Data rebuild failure following disabled drives after power loss

DaveW42 · September 12, 2023

Hi, I am running Unraid 6.12.4 with two parity disks, 16 disks in the array, an NVME cache drive, and a few unassigned devices drives. Most of the drives are connected to one of two LSI Logic SAS9211-8I 8PORT Int 6GB Sata+SAS Pcie 2.0 cards, with the others connected to SATA ports on the motherboard. I also have an IO CREST Internal 5 Port Non-RAID SATA III 6GB/s M.2 B+M Key Adapter Card connected to one of two NVME slots on my motherboard (Asus ROG STRIX X570-E GAMING) to provide the opportunity to add a few more SATA drives. Before the problems emerged, no drives were connected to that IO Crest device.

I had the case open and had installed an SSD drive (SK Hynix 1TB) to (I believe) a SATA port on the motherboard and (separately) an NVME drive (WD 2TB) to one of the open USB ports on the motherboard using an Inateck USB NVME enclosure, with the intention of using either of these for a new gaming VM. After sealing things up, putting the system back in place, and turning it on, the system lost power briefly. When it came back up Disk 1 and Parity 2 came up as disabled, with the contents of Disk 1 being emulated. I ran an extended Smart Test on the parity disk and there were no errors. I tried adding another HDD to the system (i.e., connecting to the IO Crest via the backplane on my computer case) with the intention of using it to replace Disk 1, but the new disk did not show in unassigned devices. I ran a regular smart test on Disk 1, and there were no errors. Given this I rebooted the array in safe mode, unassigned the disabled drives (Disk 1 and Parity 2), and then started up the array to make sure those drives were removed. I then rebooted in safe mode again, shutdown the array again, added Disk 1 and Parity 2 back in their original position, and started parity sync and the data rebuild process.
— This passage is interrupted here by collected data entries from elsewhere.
text \<open>Gaussian elimination on the remainders: if the larger space produces no new remainder degree,
  each of its elements is congruent modulo g to an element of the smaller one.\<close>

lemma congruent_mod_if_rem_degrees_subset:
  assumes W: "poly_subspace W" and W': "poly_subspace W'" and sub: "W \<subseteq> W'"
    and deg: "rem_degrees g W' \<subseteq> rem_degrees g W" and f: "f \<in> W'"
  shows "\<exists>w\<in>W. g dvd (f - w)"
  using f
proof (induction "degree (f mod g)" arbitrary: f rule: less_induct)
  case (less f)
  show ?case
  proof (cases "f mod g = 0")
    case True
    then show ?thesis
      using W unfolding poly_subspace_def by (intro bexI[of _ 0]) (auto simp: mod_eq_0_iff_dvd)
  next
    case False
    then have "degree (f mod g) \<in> rem_degrees g W"
      using deg less.prems unfolding rem_degrees_def by blast
    then obtain w0 where w0: "w0 \<in> W" "w0 mod g \<noteq> 0" "degree (w0 mod g) = degree (f mod g)"
      unfolding rem_degrees_def by auto
    define c where "c = lead_coeff (f mod g) / lead_coeff (w0 mod g)"
    define f1 where "f1 = f - smult c w0"
    have f1W: "f1 \<in> W'"
      unfolding f1_def using poly_subspace_diff[OF W' less.prems] sub w0(1) W
      unfolding poly_subspace_def by blast
    have f1_mod: "f1 mod g = f mod g - smult c (w0 mod g)"
      unfolding f1_def by (simp add: poly_mod_diff_left mod_smult_left)
    have "coeff (w0 mod g) (degree (f mod g)) \<noteq> 0"
      using w0(2,3) by (metis leading_coeff_0_iff)
    then have "coeff (f1 mod g) (degree (f mod g)) = 0"
      using w0(3) by (simp add: f1_mod c_def)
    moreover have "degree (f1 mod g) \<le> degree (f mod g)"
      unfolding f1_mod using w0(3) by (intro degree_diff_le) (auto simp: degree_smult_le)
    ultimately have "f1 mod g = 0 \<or> degree (f1 mod g) < degree (f mod g)"
      by (metis le_neq_implies_less leading_coeff_0_iff)
    moreover have "0 \<in> W"
      using W unfolding poly_subspace_def by blast
    ultimately obtain w1 where w1: "w1 \<in> W" "g dvd (f1 - w1)"
      using less.hyps[OF _ f1W] by (auto simp: mod_eq_0_iff_dvd)
    have "smult c w0 + w1 \<in> W"
      using W w0(1) w1(1) unfolding poly_subspace_def by blast
    moreover have "f - (smult c w0 + w1) = f1 - w1"
      unfolding f1_def by simp
    ultimately show ?thesis
      using w1(2) by metis
  qed
qed

lemma card_rem_degrees_less:
  assumes W: "poly_subspace W" and W': "poly_subspace W'" and sub: "W \<subset> W'" and g: "g \<noteq> 0"
    and multiples: "\<forall>h\<in>W'. g dvd h \<longrightarrow> h \<in> W"
  shows "card (rem_degrees g W) < card (rem_degrees g W')"
proof (rule ccontr)
  assume le: "\<not> ?thesis"
  have mono: "rem_degrees g W \<subseteq> rem_degrees g W'"
    using sub by (intro rem_degrees_mono) blast
  have "rem_degrees g W = rem_degrees g W'"
    by (rule card_seteq[OF finite_rem_degrees[OF g] mono]) (use le in linarith)
  then have eq: "rem_degrees g W' \<subseteq> rem_degrees g W"
    by simp
  have "W' \<subseteq> W"
  proof
    fix f
    assume "f \<in> W'"
    then obtain w where w: "w \<in> W" "g dvd (f - w)"
      using congruent_mod_if_rem_degrees_subset[OF W W' _ eq] sub by blast
    have "f - w \<in> W"
      using multiples w poly_subspace_diff[OF W' \<open>f \<in> W'\<close>] sub by blast
    then show "f \<in> W"
      using W w(1) unfolding poly_subspace_def by (metis diff_add_cancel)
  qed
  then show False
    using sub by blast
qed

section \<open>Polynomial invariants of a left ideal\<close>

definition row_polys :: "'k::field jac set \<Rightarrow> 'k poly set" where
  "row_polys A = {f. jrow f \<in> A}"

definition residue_polys :: "'k::field jac set \<Rightarrow> 'k poly set" where
  "residue_polys A = {f. \<exists>c\<in>A. jpoly f - c \<in> laurent_ker}"

lemma poly_subspace_row_polys: "left_ideal A \<Longrightarrow> poly_subspace (row_polys A)"
  unfolding poly_subspace_def row_polys_def
  by (auto simp: jrow_add jrow_smult left_ideal_zero left_ideal_add left_ideal_jscale)

lemma poly_subspace_residue_polys:
  assumes A: "left_ideal A"
  shows "poly_subspace (residue_polys A)"
  unfolding poly_subspace_def
proof (intro conjI ballI allI)
  show "0 \<in> residue_polys A"
    unfolding residue_polys_def using left_ideal_zero[OF A] laurent_ker_zero
    by (auto simp: jpoly_def intro!: bexI[of _ 0])
next
  fix f h
  assume "f \<in> residue_polys A" "h \<in> residue_polys A"
  then obtain c1 c2 where c: "c1 \<in> A" "jpoly f - c1 \<in> laurent_ker" "c2 \<in> A" "jpoly h - c2 \<in> laurent_ker"
    unfolding residue_polys_def by blast
  have "jpoly (f + h) - (c1 + c2) = (jpoly f - c1) + (jpoly h - c2)"
    by (simp add: jpoly_add)
  then have "jpoly (f + h) - (c1 + c2) \<in> laurent_ker"
    using laurent_ker_add[OF c(2) c(4)] by (simp only:)
  moreover have "c1 + c2 \<in> A"
    using c left_ideal_add[OF A] by blast
  ultimately show "f + h \<in> residue_polys A"
    unfolding residue_polys_def by blast
next
  fix c f
  assume "f \<in> residue_polys A"
  then obtain c1 where c1: "c1 \<in> A" "jpoly f - c1 \<in> laurent_ker"
    unfolding residue_polys_def by blast
  have "jpoly (smult c f) - jscale c c1 = jmul (single (0,0) c) (jpoly f - c1)"
    by (simp add: jpoly_smult jscale_def jmul_diff_right)
  then have "jpoly (smult c f) - jscale c c1 \<in> laurent_ker"
    using laurent_ker_jmul_left[OF c1(2)] by (simp only:)
  then show "smult c f \<in> residue_polys A"
    unfolding residue_polys_def using left_ideal_jscale[OF A c1(1)] by blast
qed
Things went badly very quickly at this point, with disk 9 and disk 16 almost immediately coming up as disabled. I briefly saw a message flash about CRC errors involving an unassigned device. At around 26.6% of the Disk 1 data rebuild, I was no longer able to interact with the unraid system. However, I could see that a separate Unraid Win 10 virtual machine was still running without issue. I didn’t touch anything and about 15 minutes later the system became responsive again and I could click on menus etc. The system currently shows the following:

· Parity 2: red x (parity device is disabled)

· Disk 1: Green but lists as “unmountable: unsupported or no file system.”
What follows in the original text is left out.